-- Exercise data follows --

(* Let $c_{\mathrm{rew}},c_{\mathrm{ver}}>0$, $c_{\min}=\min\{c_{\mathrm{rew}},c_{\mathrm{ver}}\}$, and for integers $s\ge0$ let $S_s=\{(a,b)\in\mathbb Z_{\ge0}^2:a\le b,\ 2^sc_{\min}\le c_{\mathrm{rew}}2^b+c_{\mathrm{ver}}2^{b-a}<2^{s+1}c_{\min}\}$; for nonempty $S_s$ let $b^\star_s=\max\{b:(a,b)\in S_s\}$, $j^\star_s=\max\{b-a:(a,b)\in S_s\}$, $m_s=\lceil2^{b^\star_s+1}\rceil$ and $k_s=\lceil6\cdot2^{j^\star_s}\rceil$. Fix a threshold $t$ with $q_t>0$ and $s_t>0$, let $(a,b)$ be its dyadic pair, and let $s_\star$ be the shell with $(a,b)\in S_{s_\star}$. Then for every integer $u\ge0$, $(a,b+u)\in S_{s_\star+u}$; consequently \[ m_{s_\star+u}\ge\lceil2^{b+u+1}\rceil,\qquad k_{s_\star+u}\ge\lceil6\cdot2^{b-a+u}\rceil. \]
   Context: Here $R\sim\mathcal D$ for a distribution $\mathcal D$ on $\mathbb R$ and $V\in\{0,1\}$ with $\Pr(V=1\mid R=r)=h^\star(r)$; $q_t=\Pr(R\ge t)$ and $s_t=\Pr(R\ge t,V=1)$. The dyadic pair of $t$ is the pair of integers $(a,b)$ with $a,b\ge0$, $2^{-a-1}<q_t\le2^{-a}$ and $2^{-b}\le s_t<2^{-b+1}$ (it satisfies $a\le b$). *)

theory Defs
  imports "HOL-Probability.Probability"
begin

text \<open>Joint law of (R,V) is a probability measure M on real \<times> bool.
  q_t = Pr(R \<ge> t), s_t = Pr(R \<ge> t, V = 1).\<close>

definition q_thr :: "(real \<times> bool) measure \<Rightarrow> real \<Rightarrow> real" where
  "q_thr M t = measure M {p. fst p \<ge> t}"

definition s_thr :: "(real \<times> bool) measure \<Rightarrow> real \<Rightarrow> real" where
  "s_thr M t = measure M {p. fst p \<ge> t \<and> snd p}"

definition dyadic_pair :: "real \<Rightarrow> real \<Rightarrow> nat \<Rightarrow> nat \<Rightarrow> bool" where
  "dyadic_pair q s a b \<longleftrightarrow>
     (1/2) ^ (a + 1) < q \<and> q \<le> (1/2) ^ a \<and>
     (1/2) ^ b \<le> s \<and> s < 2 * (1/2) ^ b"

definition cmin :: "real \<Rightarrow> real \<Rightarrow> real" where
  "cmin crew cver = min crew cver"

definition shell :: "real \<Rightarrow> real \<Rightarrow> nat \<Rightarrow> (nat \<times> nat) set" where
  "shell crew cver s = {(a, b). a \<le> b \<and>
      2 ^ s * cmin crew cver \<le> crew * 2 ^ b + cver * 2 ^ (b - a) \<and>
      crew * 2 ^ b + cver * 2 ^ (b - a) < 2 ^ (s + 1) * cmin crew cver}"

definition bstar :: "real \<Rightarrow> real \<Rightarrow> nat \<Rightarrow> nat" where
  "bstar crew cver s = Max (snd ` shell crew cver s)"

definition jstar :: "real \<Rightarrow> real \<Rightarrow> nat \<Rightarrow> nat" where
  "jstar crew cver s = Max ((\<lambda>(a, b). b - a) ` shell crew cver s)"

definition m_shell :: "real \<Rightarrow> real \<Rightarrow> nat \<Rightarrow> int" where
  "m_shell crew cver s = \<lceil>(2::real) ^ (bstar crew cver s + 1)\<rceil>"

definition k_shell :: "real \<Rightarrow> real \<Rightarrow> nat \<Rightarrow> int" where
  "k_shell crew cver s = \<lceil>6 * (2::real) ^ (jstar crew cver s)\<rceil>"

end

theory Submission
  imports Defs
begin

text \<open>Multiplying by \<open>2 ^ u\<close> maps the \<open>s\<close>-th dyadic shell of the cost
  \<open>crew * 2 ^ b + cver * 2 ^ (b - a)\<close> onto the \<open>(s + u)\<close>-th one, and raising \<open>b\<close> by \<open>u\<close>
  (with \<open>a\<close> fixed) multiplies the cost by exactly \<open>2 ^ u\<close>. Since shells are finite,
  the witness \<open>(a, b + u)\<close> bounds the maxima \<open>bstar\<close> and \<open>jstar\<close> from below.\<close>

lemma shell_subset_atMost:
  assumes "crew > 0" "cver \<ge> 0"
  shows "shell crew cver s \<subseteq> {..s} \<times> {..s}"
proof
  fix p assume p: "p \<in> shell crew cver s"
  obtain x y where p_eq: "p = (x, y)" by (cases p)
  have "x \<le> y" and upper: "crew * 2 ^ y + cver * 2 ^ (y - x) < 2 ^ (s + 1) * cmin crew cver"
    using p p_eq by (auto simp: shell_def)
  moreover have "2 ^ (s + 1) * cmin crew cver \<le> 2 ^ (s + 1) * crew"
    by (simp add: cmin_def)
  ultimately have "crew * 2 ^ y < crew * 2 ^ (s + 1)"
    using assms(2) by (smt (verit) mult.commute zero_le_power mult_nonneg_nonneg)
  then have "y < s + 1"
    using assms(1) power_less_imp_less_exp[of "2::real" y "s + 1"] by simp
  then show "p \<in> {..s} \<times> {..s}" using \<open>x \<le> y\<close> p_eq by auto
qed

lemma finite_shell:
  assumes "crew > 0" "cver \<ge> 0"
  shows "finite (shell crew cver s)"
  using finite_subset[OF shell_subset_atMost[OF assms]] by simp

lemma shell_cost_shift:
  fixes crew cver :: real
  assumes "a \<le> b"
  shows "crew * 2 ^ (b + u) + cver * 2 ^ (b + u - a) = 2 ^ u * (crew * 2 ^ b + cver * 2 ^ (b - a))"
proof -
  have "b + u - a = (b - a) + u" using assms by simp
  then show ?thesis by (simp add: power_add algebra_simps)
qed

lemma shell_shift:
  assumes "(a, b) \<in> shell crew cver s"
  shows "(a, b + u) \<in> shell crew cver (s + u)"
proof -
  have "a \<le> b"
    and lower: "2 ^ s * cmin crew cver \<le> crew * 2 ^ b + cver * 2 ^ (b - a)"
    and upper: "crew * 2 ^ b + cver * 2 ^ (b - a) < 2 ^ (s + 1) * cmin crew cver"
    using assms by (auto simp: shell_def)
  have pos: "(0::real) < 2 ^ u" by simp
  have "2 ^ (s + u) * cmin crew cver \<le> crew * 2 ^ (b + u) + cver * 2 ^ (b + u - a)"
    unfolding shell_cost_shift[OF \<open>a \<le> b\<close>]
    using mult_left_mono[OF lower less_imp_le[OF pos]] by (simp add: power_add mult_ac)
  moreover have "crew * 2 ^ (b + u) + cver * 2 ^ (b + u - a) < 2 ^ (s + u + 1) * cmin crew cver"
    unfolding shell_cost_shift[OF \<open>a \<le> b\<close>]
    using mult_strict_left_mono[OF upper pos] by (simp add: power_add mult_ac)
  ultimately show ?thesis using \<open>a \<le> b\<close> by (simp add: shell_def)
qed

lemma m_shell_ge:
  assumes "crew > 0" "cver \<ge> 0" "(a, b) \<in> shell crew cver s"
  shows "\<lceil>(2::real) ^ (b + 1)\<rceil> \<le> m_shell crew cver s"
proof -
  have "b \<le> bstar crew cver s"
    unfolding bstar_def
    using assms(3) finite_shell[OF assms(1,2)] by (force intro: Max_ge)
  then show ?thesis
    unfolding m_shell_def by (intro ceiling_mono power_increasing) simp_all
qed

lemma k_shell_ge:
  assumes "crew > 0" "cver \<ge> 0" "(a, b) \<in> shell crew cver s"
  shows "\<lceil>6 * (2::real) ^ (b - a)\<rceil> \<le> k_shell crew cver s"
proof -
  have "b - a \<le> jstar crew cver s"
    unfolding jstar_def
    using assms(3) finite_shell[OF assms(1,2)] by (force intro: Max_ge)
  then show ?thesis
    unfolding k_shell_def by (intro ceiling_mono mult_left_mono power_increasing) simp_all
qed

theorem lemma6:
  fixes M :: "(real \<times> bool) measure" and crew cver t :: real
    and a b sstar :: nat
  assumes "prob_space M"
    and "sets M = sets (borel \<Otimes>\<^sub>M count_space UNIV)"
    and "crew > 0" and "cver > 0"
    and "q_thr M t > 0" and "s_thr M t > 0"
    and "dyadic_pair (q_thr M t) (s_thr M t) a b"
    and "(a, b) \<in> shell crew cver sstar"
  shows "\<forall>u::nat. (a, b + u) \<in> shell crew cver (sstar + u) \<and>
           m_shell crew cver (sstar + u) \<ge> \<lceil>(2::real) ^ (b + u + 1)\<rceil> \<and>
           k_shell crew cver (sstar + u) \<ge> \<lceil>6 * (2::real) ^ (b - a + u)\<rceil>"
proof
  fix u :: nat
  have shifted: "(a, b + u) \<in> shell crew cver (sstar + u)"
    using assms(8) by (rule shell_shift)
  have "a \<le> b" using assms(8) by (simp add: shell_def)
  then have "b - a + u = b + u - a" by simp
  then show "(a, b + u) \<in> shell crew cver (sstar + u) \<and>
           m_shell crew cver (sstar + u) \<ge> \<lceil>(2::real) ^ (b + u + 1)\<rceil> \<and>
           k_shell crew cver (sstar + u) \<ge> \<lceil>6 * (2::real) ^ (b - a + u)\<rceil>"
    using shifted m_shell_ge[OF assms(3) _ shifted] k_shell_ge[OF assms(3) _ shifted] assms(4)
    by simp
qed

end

-- Exercise data concluded --

:: Assignment ::
Please go through the entries and show every line with the word "moreover".

:: Problem solution ::
  moreover have "2 ^ (s + 1) * cmin crew cver \<le> 2 ^ (s + 1) * crew"
  moreover have "crew * 2 ^ (b + u) + cver * 2 ^ (b + u - a) < 2 ^ (s + u + 1) * cmin crew cver"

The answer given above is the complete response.